Step 1: Pry Open the Unit!
Once open you can see it has a short length of cable fitted with a standard USB header plug.
Fortunately the color coding for the power and data lines on this cable were standardised making the adaption to a USB cable easy! - this will become obvious later once you cut up the new "donar" cable.
Phillips head screw driver
Flat blade screwdriver
A "donar" USB cable with "A" type pug on one end
A small cable tie to secure the new USB cable
Step 2: Preparing the Board & Removing the Existing Wiring
Make note of the colours and which pins / area of the PCB where they are routed to before removing the original header pins and cable.
I used my cutters to help with the removal of the header pins, these could be left and you could solder the new cable directly to these but I went for a "direct" connection to the board option - see photo in next step..

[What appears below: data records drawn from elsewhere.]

text \<open>Outcome of bidding play. outcome G TB p lm: Left holds p dollars, Right
  holds TB - p, and lm is True iff Left holds the tie-breaking marker (state \<open>p\<close> hat).
  Result True means Left wins (L), False means Right wins (R).\<close>
primrec outcome :: "game \<Rightarrow> nat \<Rightarrow> nat \<Rightarrow> bool \<Rightarrow> bool" where
  "outcome (Game L R) = (let OL = fimage outcome L; OR = fimage outcome R in
     (\<lambda>TB p lm.
       (\<exists>l\<le>p. \<forall>r\<le>TB - p.
          (if lm then
             (if r < l then fBex OL (\<lambda>f. f TB (p - l) True \<or> f TB (p - l) False)
              else if l = r then fBex OL (\<lambda>f. f TB (p - l) False)
              else fBall OR (\<lambda>f. f TB (p + r) True))
           else
             (if l < r then fBall OR (\<lambda>f. f TB (p + r) False \<and> f TB (p + r) True)
              else if l = r then fBall OR (\<lambda>f. f TB (p + r) True)
              else fBex OL (\<lambda>f. f TB (p - l) False))))))"

definition game_geq :: "nat \<Rightarrow> game \<Rightarrow> game \<Rightarrow> bool" where
  "game_geq TB G H = (\<forall>X p lm. p \<le> TB \<longrightarrow>
      (outcome (game_plus H X) TB p lm \<longrightarrow> outcome (game_plus G X) TB p lm))"

definition game_eq :: "nat \<Rightarrow> game \<Rightarrow> game \<Rightarrow> bool" where
  "game_eq TB G H = (game_geq TB G H \<and> game_geq TB H G)"

end

theory Submission
  imports Defs
begin

text \<open>The heart of the argument is \<open>(1) + (-1) = 0\<close>. In \<open>(1) + (-1) + X\<close> the extra Left move
  to \<open>(-1) + X\<close> and the extra Right move to \<open>(1) + X\<close> are dominated: by a simulation argument,
  whenever Left wins \<open>Y\<close> she also wins \<open>(1) + Y\<close>, even with more money or with the marker
  gained, and whenever she wins \<open>(-1) + Y\<close> she also wins \<open>Y\<close> in the same sense. Equality is a
  congruence for the associative and commutative sum, so cancelling pairs \<open>(1) + (-1)\<close> gives
  \<open>(a) + (-b) = (a - b)\<close>, and every integer game form \<open>(n)\<close> is literally
  \<open>(max n 0) + (-max (-n) 0)\<close>.\<close>

lemma lopts_game_plus:
  "lopts (game_plus G H) = (\<lambda>g. game_plus g H) |`| lopts G |\<union>| game_plus G |`| lopts H"
  by (cases G; cases H) (simp add: fset.map_comp o_def)

lemma ropts_game_plus:
  "ropts (game_plus G H) = (\<lambda>g. game_plus g H) |`| ropts G |\<union>| game_plus G |`| ropts H"
  by (cases G; cases H) (simp add: fset.map_comp o_def)

declare game_plus.simps[simp del] sum_aux.simps[simp del]

lemma game_plus_commute: "game_plus G H = game_plus H G"
proof (induction G arbitrary: H)
  case (Game GL GR)
  note IH_G = Game.IH
  show ?case
  proof (induction H)
    case (Game HL HR)
    let ?G = "Game GL GR" and ?H = "Game HL HR"
    have "(\<lambda>g. game_plus g ?H) |`| GL = game_plus ?H |`| GL"
      "(\<lambda>g. game_plus g ?H) |`| GR = game_plus ?H |`| GR"
      "game_plus ?G |`| HL = (\<lambda>h. game_plus h ?G) |`| HL"
      "game_plus ?G |`| HR = (\<lambda>h. game_plus h ?G) |`| HR"
      using IH_G Game.IH by (auto intro!: fimage_cong)
    then show ?case
      by (intro game.expand) (simp add: lopts_game_plus ropts_game_plus sup_commute)
  qed
qed

lemma game_plus_assoc: "game_plus (game_plus G H) K = game_plus G (game_plus H K)"
proof (induction G arbitrary: H K)
  case (Game GL GR)
  note IH_G = Game.IH
  show ?case
  proof (induction H arbitrary: K)
    case (Game HL HR)
    note IH_H = Game.IH
    show ?case
    proof (induction K)
      case (Game KL KR)
      let ?G = "Game GL GR" and ?H = "Game HL HR" and ?K = "Game KL KR"
      have "(\<lambda>g. game_plus (game_plus g ?H) ?K) |`| GL = (\<lambda>g. game_plus g (game_plus ?H ?K)) |`| GL"
        "(\<lambda>g. game_plus (game_plus g ?H) ?K) |`| GR = (\<lambda>g. game_plus g (game_plus ?H ?K)) |`| GR"
        "(\<lambda>h. game_plus (game_plus ?G h) ?K) |`| HL = (\<lambda>h. game_plus ?G (game_plus h ?K)) |`| HL"
        "(\<lambda>h. game_plus (game_plus ?G h) ?K) |`| HR = (\<lambda>h. game_plus ?G (game_plus h ?K)) |`| HR"
        "game_plus (game_plus ?G ?H) |`| KL = (\<lambda>k. game_plus ?G (game_plus ?H k)) |`| KL"
        "game_plus (game_plus ?G ?H) |`| KR = (\<lambda>k. game_plus ?G (game_plus ?H k)) |`| KR"
        using IH_G IH_H Game.IH by (auto intro!: fimage_cong)
      then show ?case
        by (intro game.expand)
          (simp add: lopts_game_plus ropts_game_plus fimage_funion fset.map_comp o_def sup_assoc)
    qed
  qed
qed

interpretation game_plus: abel_semigroup game_plus
  by unfold_locales (rule game_plus_assoc, rule game_plus_commute)

lemma game_plus_zero_left [simp]: "game_plus (Game {||} {||}) G = G"
  by (induction G) (auto simp: lopts_game_plus ropts_game_plus intro!: game.expand fset.map_ident_strong)

lemma game_plus_zero_right [simp]: "game_plus G (Game {||} {||}) = G"
  using game_plus_zero_left by (simp add: game_plus.commute)

lemma lopts_nat_game: "lopts (nat_game n) = (if n = 0 then {||} else {|nat_game (n - 1)|})"
  by (cases n) auto

lemma ropts_nat_game: "ropts (nat_game n) = {||}"
  by (cases n) auto

lemma lopts_conj_nat_game: "lopts (conj (nat_game n)) = {||}"
  by (cases n) auto

lemma ropts_conj_nat_game:
  "ropts (conj (nat_game n)) = (if n = 0 then {||} else {|conj (nat_game (n - 1))|})"
  by (cases n) auto

lemma nat_game_add: "game_plus (nat_game a) (nat_game b) = nat_game (a + b)"
proof (induction "a + b" arbitrary: a b rule: less_induct)
  case less
  have "a \<noteq> 0 \<Longrightarrow> game_plus (nat_game (a - 1)) (nat_game b) = nat_game (a + b - 1)"
    "b \<noteq> 0 \<Longrightarrow> game_plus (nat_game a) (nat_game (b - 1)) = nat_game (a + b - 1)"
    using less[of "a - 1" b] less[of a "b - 1"] by simp_all
  then show ?case
    by (intro game.expand) (auto simp: lopts_game_plus ropts_game_plus lopts_nat_game ropts_nat_game)
qed

lemma conj_nat_game_add:
  "game_plus (conj (nat_game a)) (conj (nat_game b)) = conj (nat_game (a + b))"
proof (induction "a + b" arbitrary: a b rule: less_induct)
  case less
  have "a \<noteq> 0 \<Longrightarrow> game_plus (conj (nat_game (a - 1))) (conj (nat_game b)) = conj (nat_game (a + b - 1))"
    "b \<noteq> 0 \<Longrightarrow> game_plus (conj (nat_game a)) (conj (nat_game (b - 1))) = conj (nat_game (a + b - 1))"
    using less[of "a - 1" b] less[of a "b - 1"] by simp_all
  then show ?case
    by (intro game.expand)
      (auto simp: lopts_game_plus ropts_game_plus lopts_conj_nat_game ropts_conj_nat_game)
qed

lemma int_game_eq_plus_conj: "int_game k = game_plus (nat_game (nat k)) (conj (nat_game (nat (- k))))"
  by (simp add: int_game_def)

definition left_move_wins :: "nat \<Rightarrow> game \<Rightarrow> nat \<Rightarrow> bool \<Rightarrow> bool" where
  "left_move_wins TB G q lm \<longleftrightarrow> (\<exists>g. g |\<in>| lopts G \<and> outcome g TB q lm)"

definition right_moves_lose :: "nat \<Rightarrow> game \<Rightarrow> nat \<Rightarrow> bool \<Rightarrow> bool" where
  "right_moves_lose TB G q lm \<longleftrightarrow> (\<forall>g. g |\<in>| ropts G \<longrightarrow> outcome g TB q lm)"

text \<open>One round of bidding with bids \<open>l\<close> and \<open>r\<close>; \<open>lw q m\<close> (\<open>rw q m\<close>) tells whether Left
  wins after a Left (Right) move that leaves Left with \<open>q\<close> dollars and the marker iff \<open>m\<close>.\<close>
definition left_wins_round ::
    "(nat \<Rightarrow> bool \<Rightarrow> bool) \<Rightarrow> (nat \<Rightarrow> bool \<Rightarrow> bool) \<Rightarrow> nat \<Rightarrow> bool \<Rightarrow> nat \<Rightarrow> nat \<Rightarrow> bool" where
  "left_wins_round lw rw p lm l r =
    (if lm then
       (if r < l then lw (p - l) True \<or> lw (p - l) False
        else if l = r then lw (p - l) False
        else rw (p + r) True)
     else
       (if l < r then rw (p + r) False \<and> rw (p + r) True
        else if l = r then rw (p + r) True
        else lw (p - l) False))"

definition left_wins_bidding ::
    "(nat \<Rightarrow> bool \<Rightarrow> bool) \<Rightarrow> (nat \<Rightarrow> bool \<Rightarrow> bool) \<Rightarrow> nat \<Rightarrow> nat \<Rightarrow> bool \<Rightarrow> bool" where
  "left_wins_bidding lw rw TB p lm \<longleftrightarrow> (\<exists>l\<le>p. \<forall>r\<le>TB - p. left_wins_round lw rw p lm l r)"

lemma outcome_eq_left_wins_bidding:
  "outcome G TB p lm = left_wins_bidding (left_move_wins TB G) (right_moves_lose TB G) TB p lm"
proof (cases G)
  case (Game L R)
  have "left_move_wins TB G = (\<lambda>q m. fBex (outcome |`| L) (\<lambda>f. f TB q m))"
    "right_moves_lose TB G = (\<lambda>q m. fBall (outcome |`| R) (\<lambda>f. f TB q m))"
    by (auto simp: Game left_move_wins_def right_moves_lose_def fun_eq_iff
        intro: fBexI fBallI elim: fBexE dest: fbspec)
  then show ?thesis
    by (simp add: Game Let_def left_wins_bidding_def left_wins_round_def fBex_disj_distrib fBall_conj_distrib)
qed

declare outcome.simps[simp del]

lemma left_wins_bidding_mono:
  assumes win: "left_wins_bidding lw rw TB p lm" and "p \<le> q" "q \<le> TB"
    and lw: "\<And>x y m. lw x m \<Longrightarrow> x \<le> y \<Longrightarrow> y \<le> TB \<Longrightarrow> lw' y m"
    and rw: "\<And>x y m. rw x m \<Longrightarrow> x \<le> y \<Longrightarrow> y \<le> TB \<Longrightarrow> rw' y m"
  shows "left_wins_bidding lw' rw' TB q lm"
proof -
  from win obtain l where l: "l \<le> p" "\<forall>r\<le>TB - p. left_wins_round lw rw p lm l r"
    by (auto simp: left_wins_bidding_def)
  have "left_wins_round lw' rw' q lm l r" if "r \<le> TB - q" for r
  proof -
    have "left_wins_round lw rw p lm l r" using l that \<open>p \<le> q\<close> by auto
    moreover have "p - l \<le> q - l" "p + r \<le> q + r" "q + r \<le> TB"
      using that \<open>p \<le> q\<close> \<open>q \<le> TB\<close> by auto
    ultimately show ?thesis
      using lw rw \<open>q \<le> TB\<close> unfolding left_wins_round_def by (auto split: if_splits)
  qed
  with l \<open>p \<le> q\<close> show ?thesis unfolding left_wins_bidding_def by (intro exI[of _ l]) auto
qed

lemma left_wins_bidding_cong:
  assumes "\<And>q m. q \<le> TB \<Longrightarrow> lw q m = lw' q m" "\<And>q m. q \<le> TB \<Longrightarrow> rw q m = rw' q m" "p \<le> TB"
  shows "left_wins_bidding lw rw TB p lm = left_wins_bidding lw' rw' TB p lm"
proof -
  have "left_wins_round lw rw p lm l r = left_wins_round lw' rw' p lm l r"
    if "l \<le> p" "r \<le> TB - p" for l r
    using that assms unfolding left_wins_round_def by auto
  then show ?thesis unfolding left_wins_bidding_def by (meson order.trans)
qed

Once you have chopped the headers off square to the board, gently heat up each solder pad on the PCB and gently tap the board on the bench to dislodge the excess pin.
Step 3: Preparing the New USB Cable
Strip and twist the strands of each individual connector colour together with your fingers.
Then using a soldering iron "tin" each conductor (5 in total) individually ready for insertion into the PCB
Red - (+5v)
White - (data -)
Green - (data +)
Black - (Ground)
Shield - (cable shield - connect to ground)
Step 4: Attaching the New USB Cable
Solder each wire in place onto the pads
The shield wire can be connected to the chassis or a spare ground pad on the PCB
Using a cable tie secure the cable to the chassis to prevent the cable and connections from being pulled from the Printed Circuit Board.
Step 5: Check Your Work and Re- Assemble
Check that your wiring follows the same "code" as the original header cable and that all screws and wiring are well secured.
when i plugged my unit into a PC running Windows 7 it took a bout 30-60 secs to install a driver and I was away!